Raymond zapped the TV into silence with the remote then sprawled out
across the divan: he already had the implant. The new technology was 
already old for him.  His bare feet touched fur and body heat, 
Bubastis, his cat, arched its back to press up against his soles. 

Raymond laughed his famous laugh, bright teeth within a perfect mouth,
"You're such a flirt!" 

The cat stretched forward, paws clenching and unclenching on the silky
divan cover, emitting a deep rumbling purr. 

Raymond tensed his muscles, satisfied when the vertebrae in his spine
audibly clicked in quick succession. He sat upright, glanced around for 
something to throw, picked up a small cushion and hurled it at the cat. 


Direct hit. Bubastis leapt forward and thundered across the varnished
floor to the other side of the vast room.  Raymond chuckled and pulled 
himself off the divan. He stood upright and stretched again, squinting 
in the bright shaft of amber sunlight sloping through the window.  The 
day was almost over. He had managed about three hours sleep. 

He lingered on the pain building up in his muscles as he forced his body
to stretch, then relaxed. 

"Bubastis," He said out loud, "Adjust window down to thirty percent." 

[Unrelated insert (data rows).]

lemma phi_y_first_row:
  assumes s: "k < s" "ut_idx n (s+1)"
  shows "\<phi> y 1 s = y 1 s"
proof -
  have idx: "ut_idx n s" using s ut_idx_trans[OF s(2), of s] by simp
  have y1s: "y 1 s = 0" using s k_pos by (simp add: y_eq ut_one_def)
  show ?thesis
  proof (cases "s = k+2")
    case True
    have idx': "ut_idx n (k+1)" "ut_idx n (k+2)" "ut_idx n (k+3)" using ut_idx_le_k3 by auto
    have "ut_comm n y (ut_t n (k+2) (k+3) 1) = ut_t n (k+1) (k+3) \<beta>"
      using idx' True s by (subst ut_comm_t_eq_t_iff[OF y_UT]) (auto simp: y_eq ut_one_def)
    then have "ut_comm n (\<phi> y) (ut_t n (k+2) (k+3) 1) = ut_t n (k+1) (k+3) \<beta>"
      using idx' True s by (intro PC_map_almost_identity_comm_t[OF PC AI y_UT]) auto
    from ut_comm_t_column[OF phi_y_UT _ _ _ _ _ _ this, of 1] show ?thesis
      using idx' True s k_pos y1s by simp
  next
    case False
    have "ut_comm n y (ut_t n s (s+1) 1) = ut_t n s (s+1) 0"
      using idx s False by (subst ut_comm_t_eq_t_iff[OF y_UT]) (auto simp: y_eq ut_one_def)
    then have "ut_comm n (\<phi> y) (ut_t n s (s+1) 1) = ut_t n s (s+1) 0"
      using idx s by (intro PC_map_almost_identity_comm_t[OF PC AI y_UT]) auto
    from ut_comm_t_column[OF phi_y_UT _ _ _ _ _ _ this, of 1] show ?thesis
      using idx s k_pos y1s by simp
  qed
qed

The dazzling glare of the sun dimmed to a sultry glow as the windows
darkened on command.  Bubastis was simply a man-made familiar, an 
organic replicant that looked, behaved, smelled and sounded like a real 
cat. Raymond had loaded Bubastis with the Management software for his 
apartment: it was a chique thing to do with feline replicants.  Raymond 
had watched the old sci-fi films from the previous century; Terminator, 
Bladerunner. That 'future' was now here, and the reality of it was so 
much better than the projected dreams of the nineteen hundreds. 

He padded across the varnished floor to the wide, narrow strip of window
that ran the length of the room. Manhattan stretched out before him, 
the furnace of the sun trapped at the far end of 5th Avenue, filling 
the wide cavernous street with blazing golden light. 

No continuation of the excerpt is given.